Problem to work on: Each line in the records below that has the word "induction" should be copied.

Data:
(* Let $C_n=[U_n,[U_{n-1},\dots,[U_2,U_1]\dots]]$ be any grade-$n$ nested commutator in which each $U_j$ is either $h\partial_x^2$ or $h^{-1}V(x)$ (with $V$ smooth). Let $O_q=y_q(x)h^q\partial_x^q$ be an observable with $y_q$ smooth, so that $\mathrm{ht}(O_q)=\mathrm{wd}(O_q)=q$. Then $$\mathrm{ht}([C_n,O_q])\le\mathrm{wd}([C_n,O_q]).$$
   Context: $\mathcal{L}_h$ is the set of differential operators $\sum_{k=0}^n y_k(x)h^{m_k}\partial_x^{d_k}$ ($n,d_k\in\mathbb{N}$, $m_k\in\mathbb{Z}$, $y_k$ smooth). For $P\in\mathcal{L}_h$: $\mathrm{ht}(P)=\max\{d: h^m\partial_x^d\text{ appears in }P\}$, $\mathrm{wd}(P)=\min\{m: h^m\partial_x^d\text{ appears in }P\}$, with $\mathrm{ht}(0)=0$, $\mathrm{wd}(0)=\infty$. *)

theory Defs
  imports "HOL-Analysis.Analysis"
begin

definition smooth :: "(real \<Rightarrow> real) \<Rightarrow> bool" where
  "smooth f \<longleftrightarrow> (\<forall>k x. ((deriv ^^ k) f) differentiable (at x))"

text \<open>An operator in L_h is a finite sum of terms y(x) h^m d_x^d, represented as a list of
  triples (y, m, d). h is a formal (commuting) parameter.\<close>
type_synonym hterm = "(real \<Rightarrow> real) \<times> int \<times> nat"
type_synonym hop = "hterm list"

definition hcoeff :: "hop \<Rightarrow> int \<Rightarrow> nat \<Rightarrow> real \<Rightarrow> real" where
  "hcoeff P m d = (\<lambda>x. sum_list (map (\<lambda>(y, m', d'). if m' = m \<and> d' = d then y x else 0) P))"

definition appears :: "hop \<Rightarrow> int \<Rightarrow> nat \<Rightarrow> bool" where
  "appears P m d \<longleftrightarrow> hcoeff P m d \<noteq> (\<lambda>x. 0)"

definition ht :: "hop \<Rightarrow> nat" where
  "ht P = (if \<exists>m d. appears P m d then Max {d. \<exists>m. appears P m d} else 0)"

definition wd :: "hop \<Rightarrow> ereal" where
  "wd P = (if \<exists>m d. appears P m d then ereal (of_int (Min {m. \<exists>d. appears P m d})) else \<infinity>)"

text \<open>Composition via the Leibniz rule:
  a h^m1 d^d1 o b h^m2 d^d2 = sum_j (d1 choose j) a b^(j) h^(m1+m2) d^(d1-j+d2).\<close>
definition term_comp :: "hterm \<Rightarrow> hterm \<Rightarrow> hop" where
  "term_comp s t = (case s of (a, m1, d1) \<Rightarrow> case t of (b, m2, d2) \<Rightarrow>
     map (\<lambda>j. (\<lambda>x. of_nat (d1 choose j) * a x * (deriv ^^ j) b x, m1 + m2, d1 - j + d2)) [0..<Suc d1])"

definition op_comp :: "hop \<Rightarrow> hop \<Rightarrow> hop" where
  "op_comp P Q = concat [term_comp s t. s \<leftarrow> P, t \<leftarrow> Q]"

definition op_neg :: "hop \<Rightarrow> hop" where
  "op_neg P = map (\<lambda>(a, m, d). (\<lambda>x. - a x, m, d)) P"
lemma lnratio_ge: assumes "0 \<le> x" "x < 1" shows "2 * x \<le> lnratio x"
proof -
  define D where "D = (\<lambda>y. lnratio y - 2 * y)"
  have "D 0 \<le> D x"
  proof (rule nondecreasing_by_deriv[where f = D])
    fix y assume "0 \<le> y" "y \<le> x"
    then have y: "\<bar>y\<bar> < 1" using assms by auto
    then show "(D has_real_derivative 2 / (1 - y^2) - 2) (at y)"
      unfolding D_def
      by (auto intro!: derivative_eq_intros)
    have "1 - y^2 \<le> 1" "0 < 1 - y^2" using one_minus_sq[OF y] by auto
    then show "0 \<le> 2 / (1 - y^2) - 2" by (simp add: field_simps)
  qed (use assms in auto)
  then show ?thesis by (simp add: D_def lnratio_def)
qed

lemma lnratio_le: assumes "0 \<le> x" "x < 1" shows "lnratio x \<le> 2 * x / (1 - x^2)"
proof -
  define D where "D = (\<lambda>y. 2 * y / (1 - y^2) - lnratio y)"
  have "D 0 \<le> D x"
  proof (rule nondecreasing_by_deriv[where f = D])
    fix y assume "0 \<le> y" "y \<le> x"
    then have y: "\<bar>y\<bar> < 1" using assms by auto
    note ne = one_minus_sq[OF y]
    show "(D has_real_derivative 4 * y^2 / (1 - y^2)^2) (at y)"
      unfolding D_def
      apply (rule DERIV_cong)
       apply (use y ne in \<open>auto intro!: derivative_eq_intros\<close>)[1]
      using ne by (simp add: divide_simps, (simp add: power2_eq_square algebra_simps)?)
  qed (use assms in auto)
  then show ?thesis by (simp add: D_def lnratio_def)
qed

lemma lnprod_ge: assumes "\<bar>x\<bar> < 1" shows "x^2 \<le> lnprod x"
proof -
  have "ln (1 - x^2) \<le> (1 - x^2) - 1" using one_minus_sq[OF assms] by (intro ln_le_minus_one) auto
  then show ?thesis using lnprod_eq[OF assms] by simp
qed

lemma lnprod_le: assumes "\<bar>x\<bar> < 1" shows "lnprod x \<le> x^2 / (1 - x^2)"
proof -
  have p: "0 < 1 - x^2" using one_minus_sq[OF assms] by simp
  then have "ln (1 / (1 - x^2)) \<le> 1 / (1 - x^2) - 1" by (intro ln_le_minus_one) simp
  also have "1 / (1 - x^2) - 1 = x^2 / (1 - x^2)" using p by (simp add: field_simps)
  finally show ?thesis using lnprod_eq[OF assms] p by (simp add: ln_div)
qed

lemma lnmix_ge: assumes "0 \<le> x" "x < 1" shows "x^2 \<le> lnmix x"
proof -
  define D where "D = (\<lambda>y. lnmix y - y^2)"
  have "D 0 \<le> D x"
  proof (rule nondecreasing_by_deriv[where f = D])
    fix y assume "0 \<le> y" "y \<le> x"
    then have y: "\<bar>y\<bar> < 1" using assms by auto
    then show "(D has_real_derivative lnratio y - 2 * y) (at y)"
      unfolding D_def
      by (auto intro!: derivative_eq_intros)
    show "0 \<le> lnratio y - 2 * y" using lnratio_ge[of y] \<open>0 \<le> y\<close> y by auto
  qed (use assms in auto)
  then show ?thesis by (simp add: D_def lnmix_def lnprod_def lnratio_def)
qed

lemma two_ln_le: fixes r :: real assumes "1 \<le> r" shows "2 * ln r \<le> r - 1 / r"
proof -
  define D :: "real \<Rightarrow> real" where "D = (\<lambda>y. y - 1 / y - 2 * ln y)"
  have "D 1 \<le> D r"
  proof (rule nondecreasing_by_deriv[where f = D])
    fix y :: real assume "1 \<le> y" "y \<le> r"
    show "(D has_real_derivative (y - 1)^2 / y^2) (at y)"
      unfolding D_def
      using \<open>1 \<le> y\<close> by (auto intro!: derivative_eq_intros simp: field_simps power2_eq_square)
    show "0 \<le> (y - 1)^2 / y^2" by simp
  qed (use assms in auto)
  then show ?thesis by (simp add: D_def)
qed

(* Lazarevic's inequality: artanh x \<le> x (1 - x^2)^(-1/3), proved by monotonicity
   after writing m = (1 - y^2)^(1/3) and using m \<le> 1 - y^2/3. *)
lemma lnratio_le_powr: assumes "0 \<le> x" "x < 1" shows "lnratio x \<le> 2 * x * (1 - x^2) powr (-1/3)"
proof -
  define D where "D = (\<lambda>y. 2 * y * (1 - y^2) powr (-1/3) - lnratio y)"
  have "D 0 \<le> D x"
  proof (rule nondecreasing_by_deriv[where f = D])
    fix y assume "0 \<le> y" "y \<le> x"
    then have y: "\<bar>y\<bar> < 1" using assms by auto
    note ne = one_minus_sq[OF y]
    define m where "m = (1 - y^2) powr (1/3)"
    have m0: "0 < m" using ne by (simp add: m_def)
    have m3: "m^3 = 1 - y^2"
    proof -
      have "m^3 = m powr (real 3)" using m0 by (simp only: powr_realpow)
      also have "\<dots> = (1 - y^2) powr (1/3 * 3)" unfolding m_def by (simp add: powr_powr)
      finally show ?thesis using ne by simp
    qed
    have e1: "(1 - y^2) powr (-1/3) = 1 / m" unfolding m_def by (simp add: powr_minus_divide)
    have e2: "(1 - y^2) powr (-1/3 - 1) = 1 / m^4"
    proof -
      have "(1 - y^2) powr (-1/3 - 1) = (1 - y^2) powr (-1/3) / (1 - y^2) powr 1"
        by (rule powr_diff)
      also have "\<dots> = (1 / m) / m^3" using e1 m3 ne by simp
      finally show ?thesis by (simp add: power_eq_if)
    qed
    show "(D has_real_derivative
           (2 * (1 - y^2) + 4 * y^2 / 3 - 2 * m) / m^4) (at y)"
    proof -
      have d1: "((\<lambda>y. 1 - y^2) has_real_derivative -(2 * y)) (at y)"
        by (auto intro!: derivative_eq_intros)
      have d2: "((\<lambda>y. (1 - y^2) powr (-1/3)) has_real_derivative
                 (-1/3) * (1 - y^2) powr (-1/3 - 1) * (-(2 * y))) (at y)"
        using DERIV_fun_powr[OF d1, of "-1/3"] ne(1) by simp
      have d3: "((\<lambda>y. 2 * y) has_real_derivative 2) (at y)"
        by (auto intro!: derivative_eq_intros)
      show ?thesis unfolding D_def
        apply (rule DERIV_cong[OF DERIV_diff[OF DERIV_mult[OF d3 d2] lnratio_deriv[OF y]]])
        unfolding e1 e2 using m0 ne m3
        by (simp add: divide_simps) (use m3 in algebra)
    qed
    have "m \<le> 1 - y^2 / 3"
    proof (rule ccontr)
      assume "\<not> ?thesis"
      then have "(1 - y^2 / 3)^3 < m^3" using ne by (intro power_strict_mono) auto
      moreover have "1 - y^2 \<le> (1 - y^2 / 3)^3"
      proof -
        have "(1 - y^2 / 3)^3 - (1 - y^2) = y^4 * (9 - y^2) / 27" by algebra
        also have "\<dots> \<ge> 0" using ne by simp
        finally show ?thesis by simp
      qed
      ultimately show False using m3 by simp
    qed
    then show "0 \<le> (2 * (1 - y^2) + 4 * y^2 / 3 - 2 * m) / m^4" using m0 by simp
  qed (use assms in auto)
  then show ?thesis by (simp add: D_def lnratio_def)
qed

lemma lnratio_cube_le: assumes "0 \<le> x" "x < 1" shows "(lnratio x)^3 \<le> 8 * x^3 / (1 - x^2)"
proof -
  note ne = one_minus_sq[of x]
  define c where "c = (1 - x^2) powr (-1/3)"
  have c0: "0 < c" using ne assms by (simp add: c_def)
  have c3: "c^3 = 1 / (1 - x^2)"
  proof -
    have "c^3 = c powr (real 3)" using c0 by (simp only: powr_realpow)
    also have "\<dots> = (1 - x^2) powr (- 1)" unfolding c_def by (simp add: powr_powr)
    finally show ?thesis using ne assms by (simp add: powr_minus_divide)
  qed
  have "0 \<le> lnratio x" using lnratio_ge[OF assms] assms by linarith
  then have "(lnratio x)^3 \<le> (2 * x * c)^3"
    using lnratio_le_powr[OF assms] by (intro power_mono) (auto simp: c_def)
  also have "\<dots> = 8 * x^3 / (1 - x^2)" using c3 by (simp add: power_mult_distrib)
  finally show ?thesis .
qed

section \<open>The six inequalities in normalized form\<close>

(* \<lambda>_{-1} \<le> G:  P (1 - x^2) / x^2 \<le> sqrt (1 - x^2), from two_ln_le at r = 1/sqrt (1 - x^2). *)
lemma lnprod_le_sqrt: assumes "0 < x" "x < 1" shows "lnprod x * (1 - x^2) / x^2 \<le> sqrt (1 - x^2)"
proof -
  have ax: "\<bar>x\<bar> < 1" using assms by auto
  note ne = one_minus_sq[OF ax]
  define s where "s = sqrt (1 - x^2)"
  have s0: "0 < s" and s1: "s < 1" and ss: "s^2 = 1 - x^2"
    using assms ne by (simp_all add: s_def)
  have "lnprod x = - ln (s^2)" using lnprod_eq[OF ax] ss by simp
  also have "\<dots> = 2 * ln (1 / s)" using s0 by (simp add: ln_div ln_realpow)
  also have "\<dots> \<le> 1 / s - s" using two_ln_le[of "1 / s"] s0 s1 by simp
  also have "\<dots> = x^2 / s" using s0 ss by (simp add: field_simps power2_eq_square)
  finally have "lnprod x \<le> x^2 / s" .
  then have "lnprod x * (1 - x^2) / x^2 \<le> x^2 / s * (1 - x^2) / x^2"
    using assms ne by (intro divide_right_mono mult_right_mono) auto
  also have "\<dots> = x^2 / s * s^2 / x^2" using ss by simp
  also have "\<dots> = s" using assms s0 by (simp add: field_simps power2_eq_square)
  finally show ?thesis by (simp add: s_def)
qed

(* Derivative sign needed for lnratio_sqrt_ge below; it reduces to ln s \<le> s - 1. *)
lemma lnratio_sqrt_aux:
  assumes "0 \<le> x" "x < 1" shows "0 \<le> lnratio x + (x * lnprod x - 2 * x) / sqrt (1 - x^2)"
proof -
  define D where "D = (\<lambda>y. lnratio y + (y * lnprod y - 2 * y) / sqrt (1 - y^2))"
  have "D 0 \<le> D x"
  proof (rule nondecreasing_by_deriv[where f = D])
    fix y assume "0 \<le> y" "y \<le> x"
    then have y: "\<bar>y\<bar> < 1" using assms by auto
    note ne = one_minus_sq[OF y]
    define s where "s = sqrt (1 - y^2)"
    have s0: "0 < s" and ss: "s^2 = 1 - y^2" using ne by (simp_all add: s_def)
    show "(D has_real_derivative
           (2 * sqrt (1 - y^2) + lnprod y + 2 * y^2 - 2) / (sqrt (1 - y^2))^3) (at y)"
      unfolding D_def
      apply (rule DERIV_cong)
       apply (use y ne in \<open>auto intro!: derivative_eq_intros\<close>)[1]
      unfolding s_def[symmetric]
      using ne s0 by (simp add: divide_simps) (use ss in algebra)
    have "lnprod y = - 2 * ln s" using lnprod_eq[OF y] ss[symmetric] s0 by (simp add: ln_realpow)
    moreover have "ln s \<le> s - 1" using s0 by (rule ln_le_minus_one)
    ultimately have "0 \<le> 2 * s + lnprod y + 2 * y^2 - 2" using zero_le_power2[of y] by linarith
    then show "0 \<le> (2 * sqrt (1 - y^2) + lnprod y + 2 * y^2 - 2) / (sqrt (1 - y^2))^3"
      using s0 by (simp add: s_def[symmetric])
  qed (use assms in auto)
  then show ?thesis by (simp add: D_def lnprod_def lnratio_def)
qed

(* G \<le> \<lambda>_0:  (1 + sqrt (1 - x^2)) P \<le> x \<ell>, i.e. sqrt (1 - x^2) P \<le> Q. *)
lemma lnratio_sqrt_ge:
  assumes "0 \<le> x" "x < 1" shows "(1 + sqrt (1 - x^2)) * lnprod x \<le> x * lnratio x"
proof -
  define D where "D = (\<lambda>y. y * lnratio y - (1 + sqrt (1 - y^2)) * lnprod y)"
  have "D 0 \<le> D x"
  proof (rule nondecreasing_by_deriv[where f = D])
    fix y assume "0 \<le> y" "y \<le> x"
    then have y: "\<bar>y\<bar> < 1" using assms by auto
    note ne = one_minus_sq[OF y]
    define s where "s = sqrt (1 - y^2)"
    have s0: "0 < s" and ss: "s^2 = 1 - y^2" using ne by (simp_all add: s_def)
    show "(D has_real_derivative lnratio y + (y * lnprod y - 2 * y) / sqrt (1 - y^2)) (at y)"
      unfolding D_def
      apply (rule DERIV_cong)
       apply (use y ne in \<open>auto intro!: derivative_eq_intros\<close>)[1]
      unfolding s_def[symmetric]
      using ne s0 by (simp add: divide_simps) (use ss in algebra)
    show "0 \<le> lnratio y + (y * lnprod y - 2 * y) / sqrt (1 - y^2)"
      using lnratio_sqrt_aux[of y] \<open>0 \<le> y\<close> \<open>y \<le> x\<close> assms by auto
  qed (use assms in auto)
  then show ?thesis by (simp add: D_def lnprod_def lnratio_def)
qed
(* Let $A$ be an abelian group, $a\in A$ and $\varphi$ an endomorphism of $A$. If $\varphi$ is inertial or left-inertial, then the torsion subgroup of $\mathbb{Z}[\varphi]a$ is finite.
   Context: Abelian groups are written additively. An endomorphism $\varphi$ of $A$ is inertial if $(\varphi(X)+X)/X$ is finite for every subgroup $X\le A$, and left-inertial if $X/(X\cap\varphi(X))$ is finite for every $X\le A$. $\mathbb{Z}[\varphi]a$ is the smallest $\varphi$-invariant subgroup of $A$ containing $a$. *)

theory Defs
  imports Main
begin

definition is_subgroup :: "'a::ab_group_add set \<Rightarrow> bool" where
  "is_subgroup X \<longleftrightarrow> 0 \<in> X \<and> (\<forall>x\<in>X. \<forall>y\<in>X. x + y \<in> X) \<and> (\<forall>x\<in>X. - x \<in> X)"

definition is_endo :: "('a::ab_group_add \<Rightarrow> 'a) \<Rightarrow> bool" where
  "is_endo f \<longleftrightarrow> (\<forall>x y. f (x + y) = f x + f y)"

definition sum_set :: "'a::ab_group_add set \<Rightarrow> 'a set \<Rightarrow> 'a set" where
  "sum_set Y Z = {y + z | y z. y \<in> Y \<and> z \<in> Z}"

definition finite_quot :: "'a::ab_group_add set \<Rightarrow> 'a set \<Rightarrow> bool" where
  "finite_quot Y X \<longleftrightarrow> finite ((\<lambda>y. (\<lambda>x. y + x) ` X) ` Y)"

definition inertial :: "('a::ab_group_add \<Rightarrow> 'a) \<Rightarrow> bool" where
  "inertial f \<longleftrightarrow> (\<forall>X. is_subgroup X \<longrightarrow> finite_quot (sum_set (f ` X) X) X)"

definition left_inertial :: "('a::ab_group_add \<Rightarrow> 'a) \<Rightarrow> bool" where
  "left_inertial f \<longleftrightarrow> (\<forall>X. is_subgroup X \<longrightarrow> finite_quot X (X \<inter> f ` X))"

definition Zphi :: "('a::ab_group_add \<Rightarrow> 'a) \<Rightarrow> 'a \<Rightarrow> 'a set" where
  "Zphi f a = \<Inter>{S. is_subgroup S \<and> f ` S \<subseteq> S \<and> a \<in> S}"

definition torsion_part :: "'a::ab_group_add set \<Rightarrow> 'a set" where
  "torsion_part B = {x \<in> B. \<exists>n::nat. n \<ge> 1 \<and> (\<Sum>i<n. x) = 0}"

end

theory Submission
  imports Defs "HOL-Computational_Algebra.Polynomial" "HOL-Computational_Algebra.Primes"
    "HOL-Library.FuncSet"
begin

text \<open>\<open>\<int>[f]a\<close> is the image of \<open>\<int>[x]\<close> under \<open>q \<mapsto> q(f) a\<close>. The polynomials sending \<open>a\<close> to a
  torsion element form an ideal of \<open>\<int>[x]\<close> that is saturated with respect to nonzero integers, hence
  principal, say generated by \<open>g\<close>; so the torsion of \<open>\<int>[f]a\<close> lies in \<open>\<int>[f]t\<close> for the torsion
  element \<open>t = g(f) a\<close>.

  For \<open>n t = 0\<close> the group \<open>\<int>[f]t\<close> is finite, by induction on \<open>n\<close>. Applying (left) inertia to the
  subgroup generated by the even iterates \<open>f\<^sup>2\<^sup>j t\<close> and using pigeonhole on cosets yields a relation
  \<open>Q(f) t = 0\<close> with some coefficient \<open>1\<close>. For a prime \<open>p\<close> dividing \<open>n\<close>, let \<open>M\<close> be the last index
  with \<open>coeff Q M\<close> prime to \<open>p\<close>; then \<open>\<int>[f]t = \<langle>t, \<dots>, f\<^sup>M\<^sup>-\<^sup>1 t\<rangle> + \<int>[f](p t)\<close>, where the second
  summand is finite by induction and the first is an image of \<open>(\<int>/n)\<^sup>M\<close>.\<close>

subsection \<open>Integer multiples\<close>

primrec nscale :: "nat \<Rightarrow> 'a::ab_group_add \<Rightarrow> 'a" where
  "nscale 0 x = 0"
| "nscale (Suc n) x = x + nscale n x"

lemma nscale_eq_sum: "nscale n x = (\<Sum>i<n. x)"
  by (induction n) (auto simp: add.commute)

lemma nscale_add_left: "nscale (m + n) x = nscale m x + nscale n x"
  by (induction m) (auto simp: add.assoc)

lemma nscale_diff_left: "m \<le> n \<Longrightarrow> nscale (n - m) x = nscale n x - nscale m x"
  using nscale_add_left[of "n - m" m x] by simp

lemma nscale_add_right: "nscale n (x + y) = nscale n x + nscale n y"
  by (induction n) (auto simp: algebra_simps)

lemma nscale_minus_right: "nscale n (- x) = - nscale n x"
  by (induction n) (auto simp: algebra_simps)

lemma nscale_zero_right [simp]: "nscale n 0 = 0"
  by (induction n) auto

definition zscale :: "int \<Rightarrow> 'a::ab_group_add \<Rightarrow> 'a" where
  "zscale k x = (if 0 \<le> k then nscale (nat k) x else - nscale (nat (- k)) x)"

lemma zscale_of_nat: "zscale (int n) x = nscale n x"
  by (simp add: zscale_def)

lemma zscale_zero_left [simp]: "zscale 0 x = 0"
  by (simp add: zscale_def)

lemma zscale_one [simp]: "zscale 1 x = x"
  by (simp add: zscale_def)

lemma zscale_zero_right [simp]: "zscale k 0 = 0"
  by (simp add: zscale_def)

lemma zscale_add_right: "zscale k (x + y) = zscale k x + zscale k y"
  by (simp add: zscale_def nscale_add_right algebra_simps)

lemma zscale_minus_right: "zscale k (- x) = - zscale k x"
  by (simp add: zscale_def nscale_minus_right)

lemma zscale_diff_right: "zscale k (x - y) = zscale k x - zscale k y"
  using zscale_add_right[of k x "- y"] zscale_minus_right[of k y] by simp

lemma zscale_minus_left: "zscale (- k) x = - zscale k x"
  by (cases "k = 0") (auto simp: zscale_def)

lemma zscale_add_left: "zscale (k + l) x = zscale k x + zscale l x"
proof -
  have nat_diff: "zscale (int m - int n) x = nscale m x - nscale n x" for m n
  proof (cases "n \<le> m")
    case True
    then have "int m - int n = int (m - n)" by simp
    then show ?thesis using True by (simp only: zscale_of_nat nscale_diff_left)
  next
    case False
    then have "int m - int n = - int (n - m)" by simp
    then have "zscale (int m - int n) x = - nscale (n - m) x"
      by (simp only: zscale_minus_left zscale_of_nat)
    then show ?thesis using False by (simp add: nscale_diff_left)
  qed
  obtain k1 k2 where k: "k = int k1 - int k2" by (metis int_diff_cases)
  obtain l1 l2 where l: "l = int l1 - int l2" by (metis int_diff_cases)
  have "k + l = int (k1 + l1) - int (k2 + l2)" using k l by simp
  then have "zscale (k + l) x = nscale (k1 + l1) x - nscale (k2 + l2) x"
    by (simp only: nat_diff)
  then show ?thesis
    unfolding k l nat_diff nscale_add_left by (simp add: algebra_simps)
qed

lemma zscale_mult: "zscale (k * l) x = zscale k (zscale l x)"
proof -
  have "zscale (int m * l) x = zscale (int m) (zscale l x)" for m
    by (induction m) (auto simp: zscale_add_left distrib_right zscale_of_nat)
  moreover have "k = int (nat k) \<or> k = - int (nat (- k))" by auto
  ultimately show ?thesis
    by (metis minus_mult_left zscale_minus_left)
qed

lemma zscale_commute: "zscale k (zscale l x) = zscale l (zscale k x)"
  by (metis mult.commute zscale_mult)

lemma zscale_sum_right: "zscale k (sum g A) = (\<Sum>i\<in>A. zscale k (g i))"
  by (induction A rule: infinite_finite_induct) (auto simp: zscale_add_right)
section \<open>The commutant of a selfadjoint operator\<close>

definition commutes :: "lab set \<Rightarrow> qop \<Rightarrow> qop \<Rightarrow> bool" where
  "commutes I p A \<longleftrightarrow> (\<forall>i\<in>I. \<forall>j\<in>I. opmult I p A i j = opmult I A p i j)"

lemma commutes_zero: "commutes I p 0"
  unfolding commutes_def opmult_def by simp

lemma commutes_add: "commutes I p A \<Longrightarrow> commutes I p B \<Longrightarrow> commutes I p (A + B)"
  unfolding commutes_def opmult_add by simp

lemma commutes_diff: "commutes I p A \<Longrightarrow> commutes I p B \<Longrightarrow> commutes I p (A - B)"
  unfolding commutes_def opmult_diff by simp

lemma commutes_scl: "commutes I p A \<Longrightarrow> commutes I p (scl c A)"
  unfolding commutes_def opmult_scl by (simp add: scl_def)

lemma commutes_sum: "(\<And>s. s \<in> S \<Longrightarrow> commutes I p (f s)) \<Longrightarrow> commutes I p (sum f S)"
proof (induction S rule: infinite_finite_induct)
  case (insert x F)
  show ?case
    unfolding sum.insert[OF insert.hyps] by (intro commutes_add insert) auto
qed (simp_all add: commutes_def opmult_def)

lemma opmult_commutes_left:
  "commutes I p A \<Longrightarrow> i \<in> I \<Longrightarrow> j \<in> I \<Longrightarrow>
    opmult I (opmult I p A) B i j = opmult I (opmult I A p) B i j"
  unfolding opmult_def[of I _ B] commutes_def by (intro sum.cong) auto

lemma opmult_commutes_right:
  "commutes I p B \<Longrightarrow> i \<in> I \<Longrightarrow> j \<in> I \<Longrightarrow>
    opmult I A (opmult I p B) i j = opmult I A (opmult I B p) i j"
  unfolding opmult_def[of I A] commutes_def by (intro sum.cong) auto

lemma commutes_mult:
  assumes "commutes I p A" "commutes I p B"
  shows "commutes I p (opmult I A B)"
  unfolding commutes_def
proof (intro ballI)
  fix i j assume ij: "i \<in> I" "j \<in> I"
  have "opmult I p (opmult I A B) i j = opmult I (opmult I A p) B i j"
    using opmult_commutes_left[OF assms(1) ij] by (simp add: opmult_assoc)
  also have "\<dots> = opmult I A (opmult I B p) i j"
    using opmult_commutes_right[OF assms(2) ij] by (simp add: opmult_assoc)
  finally show "opmult I p (opmult I A B) i j = opmult I (opmult I A B) p i j"
    by (simp add: opmult_assoc)
qed

lemma commutes_adj:
  assumes p: "\<forall>i\<in>I. \<forall>j\<in>I. adj p i j = p i j" and A: "commutes I p A"
  shows "commutes I p (adj A)"
  unfolding commutes_def
proof (intro ballI)
  fix i j assume ij: "i \<in> I" "j \<in> I"
  have p_cnj: "cnj (p a b) = p b a" if "a \<in> I" "b \<in> I" for a b
    using p that unfolding adj_def by auto
  have "opmult I (adj A) p i j = cnj (\<Sum>l\<in>I. cnj (p l j) * A l i)"
    unfolding opmult_def adj_def by (simp add: mult.commute)
  also have "\<dots> = cnj (\<Sum>l\<in>I. p j l * A l i)"
    using p_cnj ij by (intro arg_cong[where f = cnj] sum.cong) auto
  also have "(\<Sum>l\<in>I. p j l * A l i) = (\<Sum>l\<in>I. A j l * p l i)"
    using A ij unfolding commutes_def opmult_def by auto
  also have "cnj \<dots> = (\<Sum>l\<in>I. p i l * cnj (A j l))"
    using p_cnj ij by (simp, intro sum.cong) (auto simp: mult.commute)
  also have "\<dots> = opmult I p (adj A) i j"
    unfolding opmult_def adj_def ..
  finally show "opmult I p (adj A) i j = opmult I (adj A) p i j" by simp
qed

Answer section:
  For \<open>n t = 0\<close> the group \<open>\<int>[f]t\<close> is finite, by induction on \<open>n\<close>. Applying (left) inertia to the
  summand is finite by induction and the first is an image of \<open>(\<int>/n)\<^sup>M\<close>.\<close>
  by (induction n) (auto simp: add.commute)
  by (induction m) (auto simp: add.assoc)
  by (induction n) (auto simp: algebra_simps)
  by (induction n) (auto simp: algebra_simps)
  by (induction n) auto
    by (induction m) (auto simp: zscale_add_left distrib_right zscale_of_nat)
  by (induction A rule: infinite_finite_induct) (auto simp: zscale_add_right)
proof (induction S rule: infinite_finite_induct)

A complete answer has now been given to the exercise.